• **What is expected**
Exactly the lines from the one containing "m w), w (n+m)))" through the end of the listing should be written out, both ends included, and nothing more.

- Opening Delimiter -

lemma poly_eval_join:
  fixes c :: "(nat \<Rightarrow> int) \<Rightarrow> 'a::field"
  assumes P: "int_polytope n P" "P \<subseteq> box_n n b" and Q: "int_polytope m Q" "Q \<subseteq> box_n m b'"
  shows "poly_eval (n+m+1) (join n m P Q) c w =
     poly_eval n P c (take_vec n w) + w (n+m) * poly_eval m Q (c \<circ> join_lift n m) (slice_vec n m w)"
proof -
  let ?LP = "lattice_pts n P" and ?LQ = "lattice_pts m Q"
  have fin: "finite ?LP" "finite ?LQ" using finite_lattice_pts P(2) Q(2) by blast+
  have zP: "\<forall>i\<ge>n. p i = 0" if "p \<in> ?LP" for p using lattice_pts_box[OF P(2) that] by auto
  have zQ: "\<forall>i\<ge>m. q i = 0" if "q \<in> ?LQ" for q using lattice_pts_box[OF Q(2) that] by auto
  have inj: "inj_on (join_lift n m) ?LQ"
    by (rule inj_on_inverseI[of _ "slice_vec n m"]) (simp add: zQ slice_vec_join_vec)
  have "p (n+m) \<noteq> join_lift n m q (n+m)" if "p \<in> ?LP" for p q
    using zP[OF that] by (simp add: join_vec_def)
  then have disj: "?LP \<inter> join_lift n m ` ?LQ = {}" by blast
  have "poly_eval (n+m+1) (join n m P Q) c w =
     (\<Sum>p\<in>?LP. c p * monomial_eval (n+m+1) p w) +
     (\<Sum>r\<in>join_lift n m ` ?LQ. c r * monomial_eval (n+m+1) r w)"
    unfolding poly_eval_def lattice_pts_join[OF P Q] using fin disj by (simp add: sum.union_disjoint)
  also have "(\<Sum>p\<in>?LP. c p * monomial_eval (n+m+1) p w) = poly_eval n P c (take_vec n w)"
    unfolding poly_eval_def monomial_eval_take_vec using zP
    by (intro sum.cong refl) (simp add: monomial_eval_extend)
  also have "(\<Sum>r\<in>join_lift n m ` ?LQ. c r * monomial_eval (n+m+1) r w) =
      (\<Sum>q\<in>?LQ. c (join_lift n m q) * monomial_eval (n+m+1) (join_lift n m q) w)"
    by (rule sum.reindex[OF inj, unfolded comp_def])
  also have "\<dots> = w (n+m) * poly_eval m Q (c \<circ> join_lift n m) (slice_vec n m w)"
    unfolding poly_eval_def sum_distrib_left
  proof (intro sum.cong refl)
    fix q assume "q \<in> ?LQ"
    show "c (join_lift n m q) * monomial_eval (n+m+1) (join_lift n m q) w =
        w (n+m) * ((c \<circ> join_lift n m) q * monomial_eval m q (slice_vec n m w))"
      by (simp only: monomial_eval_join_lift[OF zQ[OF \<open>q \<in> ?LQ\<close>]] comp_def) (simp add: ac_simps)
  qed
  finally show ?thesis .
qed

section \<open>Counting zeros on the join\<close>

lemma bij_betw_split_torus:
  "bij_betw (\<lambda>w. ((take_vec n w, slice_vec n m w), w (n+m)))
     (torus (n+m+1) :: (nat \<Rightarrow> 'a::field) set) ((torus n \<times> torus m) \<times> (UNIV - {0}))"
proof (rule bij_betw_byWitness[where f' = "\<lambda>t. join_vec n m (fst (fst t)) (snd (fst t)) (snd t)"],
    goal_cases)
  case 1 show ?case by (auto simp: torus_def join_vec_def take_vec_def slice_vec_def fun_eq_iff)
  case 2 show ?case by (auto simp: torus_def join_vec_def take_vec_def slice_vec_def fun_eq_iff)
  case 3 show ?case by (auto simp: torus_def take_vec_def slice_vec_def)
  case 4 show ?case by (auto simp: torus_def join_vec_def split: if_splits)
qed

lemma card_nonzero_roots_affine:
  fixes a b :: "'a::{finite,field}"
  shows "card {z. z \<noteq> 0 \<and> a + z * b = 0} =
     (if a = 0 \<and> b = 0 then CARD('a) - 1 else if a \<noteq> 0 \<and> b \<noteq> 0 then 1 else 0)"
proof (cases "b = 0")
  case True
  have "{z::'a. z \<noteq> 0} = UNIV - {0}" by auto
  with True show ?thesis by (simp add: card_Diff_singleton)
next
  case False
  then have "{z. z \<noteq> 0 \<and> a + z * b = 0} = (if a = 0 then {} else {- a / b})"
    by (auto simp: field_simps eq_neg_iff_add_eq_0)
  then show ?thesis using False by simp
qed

- Closing Delimiter -

• **Answer**
  "bij_betw (\<lambda>w. ((take_vec n w, slice_vec n m w), w (n+m)))
     (torus (n+m+1) :: (nat \<Rightarrow> 'a::field) set) ((torus n \<times> torus m) \<times> (UNIV - {0}))"
proof (rule bij_betw_byWitness[where f' = "\<lambda>t. join_vec n m (fst (fst t)) (snd (fst t)) (snd t)"],
    goal_cases)
  case 1 show ?case by (auto simp: torus_def join_vec_def take_vec_def slice_vec_def fun_eq_iff)
  case 2 show ?case by (auto simp: torus_def join_vec_def take_vec_def slice_vec_def fun_eq_iff)
  case 3 show ?case by (auto simp: torus_def take_vec_def slice_vec_def)
  case 4 show ?case by (auto simp: torus_def join_vec_def split: if_splits)
qed

lemma card_nonzero_roots_affine:
  fixes a b :: "'a::{finite,field}"
  shows "card {z. z \<noteq> 0 \<and> a + z * b = 0} =
     (if a = 0 \<and> b = 0 then CARD('a) - 1 else if a \<noteq> 0 \<and> b \<noteq> 0 then 1 else 0)"
proof (cases "b = 0")
  case True
  have "{z::'a. z \<noteq> 0} = UNIV - {0}" by auto
  with True show ?thesis by (simp add: card_Diff_singleton)
next
  case False
  then have "{z. z \<noteq> 0 \<and> a + z * b = 0} = (if a = 0 then {} else {- a / b})"
    by (auto simp: field_simps eq_neg_iff_add_eq_0)
  then show ?thesis using False by simp
qed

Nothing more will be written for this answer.